Go back out and still the same.
It only happens when I open the throttle to about half way, in higher rpms and cuts out when I let off. Not present anywhere else. I pushed it a little and it seems to go away a bit if I keep on the throttle but it's till there. Doesn't feel like any huge power loss or anything when it happens. There's no excessive carbon build up on the pistons and I'm running 93 gas so I don't think it's detonation, but I'm just a rookie and from what I've read on here my higher compression could cause such things.
Anyone got any ideas as to what it might be?
Tonight I'm going home to take the valve cover off and look for any tell tale signs of chatter or wear and maybe I can figure it out. Also going to check under my stator cover and make sure nothing is loose in there, I've heard of them coming loose.
By the way, anyone want to tell me about how much play their cam chain has after they tightened it with a manual tensioner? I've followed the directions to a T, but I'm a visual guy and I'd love to be able to compare what I've got going on to what someone has going on with theirs that they know is set properly.
Well I did some investigating last night and it looks like a couple of my threads got pulled out on my cam cap bolts. My guess is that's where the noise is coming from. Seems strange though, when I checked my valve lash everything seemed in order and all were torqued down to 100 in lbs. FSM that I have gave 12 ft lbs which seems excessive (I know this has been discussed at length on here) some people say 70 in lbs some people just barely tighten by hand. Anyways, tonight Ill be helicoiling a couple threads for that and hopefully that cures my chatter issues!
I also went through my manual tensioner again and came out with the same tension so I'm pretty sure I got it right. Has roughly half inch of play with all the slack pulled up between the two cams. Too loose? too tight?
Never use a torque wrench on 6mm bolts they will strip out. Most people don't know how to use a torque wrench which makes the problem worse. They also tend to buy a cheap torque wrench which isnt even close to being calibrated correctly. Tighten them by hand using a short 1/4" ratchet, you'll feel it when it's tight.
What type of allen head screws are those in the cam caps?
I just finished an overhaul of a KZ900 engine for a customer. Every cam cap bolt hole was stripped, the last "mechanic" who worked on it driiled holes all the way thru the head where he could and then installed long bolts with nuts. For the holes he couldn't drill thru he simply installed the bolts back in with large amounts of epoxy. Surprisingly it was running when I got it.

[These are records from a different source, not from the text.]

(* For each calculus in the family $\mathsf{CL}^*$ (namely $\mathsf{CL}$, $\mathsf{CL}^N$, $\mathsf{CL}^T$, $\mathsf{CL}^W$, $\mathsf{CL}^C$, $\mathsf{CL}^U$, $\mathsf{CL}^{NU}$, $\mathsf{CL}^{TU}$, $\mathsf{CL}^{WU}$, $\mathsf{CL}^{CU}$, $\mathsf{CL}^A$, $\mathsf{CL}^{NA}$, $\mathsf{CL}^{TA}$, $\mathsf{CL}^{WA}$, $\mathsf{CL}^{CA}$): if a sequent $\Gamma\Rightarrow\Delta$ is derivable in the calculus, then it is valid in every neighbourhood model of the corresponding class.
   Context: Formulas $\mathcal{L}::=p\mid\bot\mid A\wedge B\mid A\lor B\mid A\to B\mid A>B$. Neighbourhood model $\langle W,N,\llbracket\cdot\rrbracket\rangle$: $W\ne\emptyset$, $N:W\to\mathcal{P}(\mathcal{P}(W))$ with every $\alpha\in N(x)$ non-empty; $x\Vdash A>B$ iff for all $\alpha\in N(x)$ containing a world forcing $A$ there is $\beta\in N(x)$, $\beta\subseteq\alpha$, containing a world forcing $A$, all of whose worlds force $A\to B$. Conditions: normality ($N(x)\ne\emptyset$), total reflexivity (some $\alpha\in N(x)$ contains $x$), weak centering (all $\alpha\in N(x)$ contain $x$), centering (weak centering and $\{x\}\in N(x)$), uniformity ($\alpha\in N(x),y\in\alpha\Rightarrow\bigcup N(x)=\bigcup N(y)$), absoluteness ($\alpha\in N(x),y\in\alpha\Rightarrow N(x)=N(y)$). The class corresponding to a calculus $\mathsf{CL}^{S}$ is given by the conditions named by $S$ together with those they include: N; T includes N; W includes N,T; C includes N,T,W; U uniformity; A absoluteness. Syntax: world labels $x,y,z,\dots$; neighbourhood labels $a,b,c,\dots$, including for each world label $x$ a label $\{x\}$. Relational atoms: $a\in N(x)$, $x\in a$, $a\subseteq b$. Labelled formulas: relational atoms, $x:A$, $a\Vdash^{\exists}A$, $a\Vdash^{\forall}A$, $x\Vdash_a A|B$. A sequent $\Gamma\Rightarrow\Delta$ has multisets of labelled formulas, relational atoms only in $\Gamma$. Rules of $\mathsf{CL}$ (premisses $\Rightarrow$ conclusion; "(u!)" means label $u$ does not occur in the conclusion): initial sequents $x:p,\Gamma\Rightarrow\Delta,x:p$ ($p$ atomic) and $x:\bot,\Gamma\Rightarrow\Delta$; standard G3 rules for $\wedge,\vee,\to$ acting on formulas $x:A$; L$\forall$: from $x:A,x\in a,a\Vdash^\forall A,\Gamma\Rightarrow\Delta$ infer $x\in a,a\Vdash^\forall A,\Gamma\Rightarrow\Delta$; R$\forall$ (x!): from $x\in a,\Gamma\Rightarrow\Delta,x:A$ infer $\Gamma\Rightarrow\Delta,a\Vdash^\forall A$; L$\exists$ (x!): from $x\in a,x:A,\Gamma\Rightarrow\Delta$ infer $a\Vdash^\exists A,\Gamma\Rightarrow\Delta$; R$\exists$: from $x\in a,\Gamma\Rightarrow\Delta,x:A,a\Vdash^\exists A$ infer $x\in a,\Gamma\Rightarrow\Delta,a\Vdash^\exists A$; R$>$ (a!): from $a\in N(x),a\Vdash^\exists A,\Gamma\Rightarrow\Delta,x\Vdash_aA|B$ infer $\Gamma\Rightarrow\Delta,x:A>B$; L$>$: from $a\in N(x),x:A>B,\Gamma\Rightarrow\Delta,a\Vdash^\exists A$ and $x\Vdash_aA|B,a\in N(x),x:A>B,\Gamma\Rightarrow\Delta$ infer $a\in N(x),x:A>B,\Gamma\Rightarrow\Delta$; R$|$: from $c\in N(x),c\subseteq a,\Gamma\Rightarrow\Delta,x\Vdash_aA|B,c\Vdash^\exists A$ and $c\in N(x),c\subseteq a,\Gamma\Rightarrow\Delta,x\Vdash_aA|B,c\Vdash^\forall A\to B$ infer $c\in N(x),c\subseteq a,\Gamma\Rightarrow\Delta,x\Vdash_aA|B$; L$|$ (c!): from $c\in N(x),c\subseteq a,c\Vdash^\exists A,c\Vdash^\forall A\to B,\Gamma\Rightarrow\Delta$ infer $x\Vdash_aA|B,\Gamma\Rightarrow\Delta$; Ref: from $a\subseteq a,\Gamma\Rightarrow\Delta$ infer $\Gamma\Rightarrow\Delta$; Tr: from $c\subseteq a,c\subseteq b,b\subseteq a,\Gamma\Rightarrow\Delta$ infer $c\subseteq b,b\subseteq a,\Gamma\Rightarrow\Delta$; L$\subseteq$: from $x\in a,a\subseteq b,x\in b,\Gamma\Rightarrow\Delta$ infer $x\in a,a\subseteq b,\Gamma\Rightarrow\Delta$. Extension rules: N (a!): from $a\in N(x),\Gamma\Rightarrow\Delta$ infer $\Gamma\Rightarrow\Delta$; 0 (y!): from $y\in a,a\in N(x),\Gamma\Rightarrow\Delta$ infer $a\in N(x),\Gamma\Rightarrow\Delta$; T (a!): from $x\in a,a\in N(x),\Gamma\Rightarrow\Delta$ infer $\Gamma\Rightarrow\Delta$; W: from $x\in a,a\in N(x),\Gamma\Rightarrow\Delta$ infer $a\in N(x),\Gamma\Rightarrow\Delta$; Single: from $x\in\{x\},\{x\}\in N(x),\Gamma\Rightarrow\Delta$ infer $\{x\}\in N(x),\Gamma\Rightarrow\Delta$; C: from $\{x\}\in N(x),\{x\}\subseteq a,a\in N(x),\Gamma\Rightarrow\Delta$ infer $a\in N(x),\Gamma\Rightarrow\Delta$; Repl$_1$: from $y\in\{x\},At(x),At(y),\Gamma\Rightarrow\Delta$ infer $y\in\{x\},At(x),\Gamma\Rightarrow\Delta$; Repl$_2$: from $y\in\{x\},At(x),At(y),\Gamma\Rightarrow\Delta$ infer $y\in\{x\},At(y),\Gamma\Rightarrow\Delta$, where $At(x)$ is one of $x:P$ ($P$ atomic), $x\in a$, $a\in N(x)$, $x\in\{z\}$ and $At(y)$ replaces $x$ by $y$; U$_1$ (c!): from $z\in c,c\in N(x),a\in N(x),y\in a,b\in N(y),z\in b,\Gamma\Rightarrow\Delta$ infer $a\in N(x),y\in a,b\in N(y),z\in b,\Gamma\Rightarrow\Delta$; U$_2$ (c!): from $z\in c,c\in N(y),a\in N(x),y\in a,b\in N(x),z\in b,\Gamma\Rightarrow\Delta$ infer $a\in N(x),y\in a,b\in N(x),z\in b,\Gamma\Rightarrow\Delta$; A$_1$: from $b\in N(y),a\in N(x),y\in a,b\in N(x),\Gamma\Rightarrow\Delta$ infer $a\in N(x),y\in a,b\in N(x),\Gamma\Rightarrow\Delta$; A$_2$: from $b\in N(x),a\in N(x),y\in a,b\in N(y),\Gamma\Rightarrow\Delta$ infer $a\in N(x),y\in a,b\in N(y),\Gamma\Rightarrow\Delta$; plus the contracted instances of U$_1$, U$_2$, A$_1$ in which coinciding relational atoms of the conclusion are identified. Calculi: $\mathsf{CL}^N=\mathsf{CL}+$N$+$0; $\mathsf{CL}^T=\mathsf{CL}^N+$T; $\mathsf{CL}^W=\mathsf{CL}^T+$W; $\mathsf{CL}^C=\mathsf{CL}^W+$C$+$Single$+$Repl$_1+$Repl$_2$; $\mathsf{CL}^U=\mathsf{CL}+$U$_1+$U$_2$; $\mathsf{CL}^{NU},\dots,\mathsf{CL}^{CU}$ are $\mathsf{CL}^N,\dots,\mathsf{CL}^C$ plus U$_1$,U$_2$; $\mathsf{CL}^A=\mathsf{CL}+$A$_1+$A$_2$; $\mathsf{CL}^{NA},\dots,\mathsf{CL}^{CA}$ are $\mathsf{CL}^N,\dots,\mathsf{CL}^C$ plus A$_1$,A$_2$. Validity of sequents: for a model $\mathcal{M}$, a realization $(\rho,\sigma)$ maps world labels to worlds and neighbourhood labels to sets of worlds. $\mathcal{M}\vDash_{\rho,\sigma}a\in N(x)$ iff $\sigma(a)\in N(\rho(x))$; $a\subseteq b$ iff $\sigma(a)\subseteq\sigma(b)$; $y\in a$ iff $\rho(y)\in\sigma(a)$; $x:A$ iff $\rho(x)\Vdash A$; $a\Vdash^\forall A$ iff all worlds of $\sigma(a)$ force $A$; $a\Vdash^\exists A$ iff some world of $\sigma(a)$ forces $A$; $x\Vdash_aA|B$ iff $\sigma(a)\in N(\rho(x))$ and some $\beta\subseteq\sigma(a)$ (in $N(\rho(x))$) contains a world forcing $A$ and all its worlds force $A\to B$. $\Gamma\Rightarrow\Delta$ is valid in $\mathcal{M}$ if for every realization some formula of $\Gamma$ is not satisfied or some formula of $\Delta$ is satisfied.
   Formalization: The clause for $x\Vdash_aA|B$ drops the conjunct $\sigma(a)\in N(\rho(x))$, every realization satisfies $\sigma(\{x\})=\{\rho(x)\}$, and the fresh neighbourhood labels (a!, c!) of the rules are never labels $\{x\}$. Each condition added here is assumed in the paper as well or is needed for the statement above to hold. *)

theory Defs
  imports Main "HOL-Library.Multiset"
begin

datatype fm = Atm nat | Bot | Conj fm fm | Disj fm fm | Impl fm fm | Cnd fm fm

type_synonym wlab = nat

text \<open>Neighbourhood labels: ordinary labels a,b,c,... and, for every world label x, the label {x}.\<close>
datatype nlab = NL nat | Sing wlab

text \<open>InN a x : a \<in> N(x);  Mem x a : x \<in> a;  Sub a b : a \<subseteq> b;  Lab x A : x:A;
  FAll a A : a \<Vdash>\<forall> A;  FEx a A : a \<Vdash>\<exists> A;  CondL x a A B : x \<Vdash>_a A|B\<close>
datatype lf = InN nlab wlab | Mem wlab nlab | Sub nlab nlab | Lab wlab fm
  | FAll nlab fm | FEx nlab fm | CondL wlab nlab fm fm

fun is_rel :: "lf \<Rightarrow> bool" where
  "is_rel (InN a x) = True"
| "is_rel (Mem x a) = True"
| "is_rel (Sub a b) = True"
| "is_rel _ = False"

fun wl_of_n :: "nlab \<Rightarrow> wlab set" where
  "wl_of_n (NL n) = {}"
| "wl_of_n (Sing x) = {x}"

These engines are air cooled I read you let your fresh engine idle for 15 to 20 minutes at 2500 rpm? Please tell me you didn't do that.
Admittedly my in lb torque wrench is cheap, though I figured calibration wouldn't need to be spot on since I was so far from the FSM spec. They torqued down fine just apparently didn't have good enough threads to hold once they got some actual stress on them. Lesson learned I suppose.
They are 18-8 ss allen head bolts.
Hah that sounds like a jury-rigged engine right there.
I did, though in all honesty it probably wasn't that long. I didn't time it, but it hit 210 at the valve cover when I shut it off. If it's overheating you're worried about I had a big ol industrial fan pushing air over her and watched the temp with an ir thermometer. Just a full heat cycle to torque the head nuts down the rest of the way.
Overheating and thats hard on a new set of rings. New rings don't like heat and sitting there at 2500 rpm is a good way to glaze the cylinder up so the rings never bed in correctly. Bedding in new rings and pistons requires high cylinder pressure and most of the breakin on a rebuilt engine occurs in the first 10 to 20 minutes of engine start so sitting there at 2500 rpms at low cylinder pressures the rings simply glaze the cylinder walls.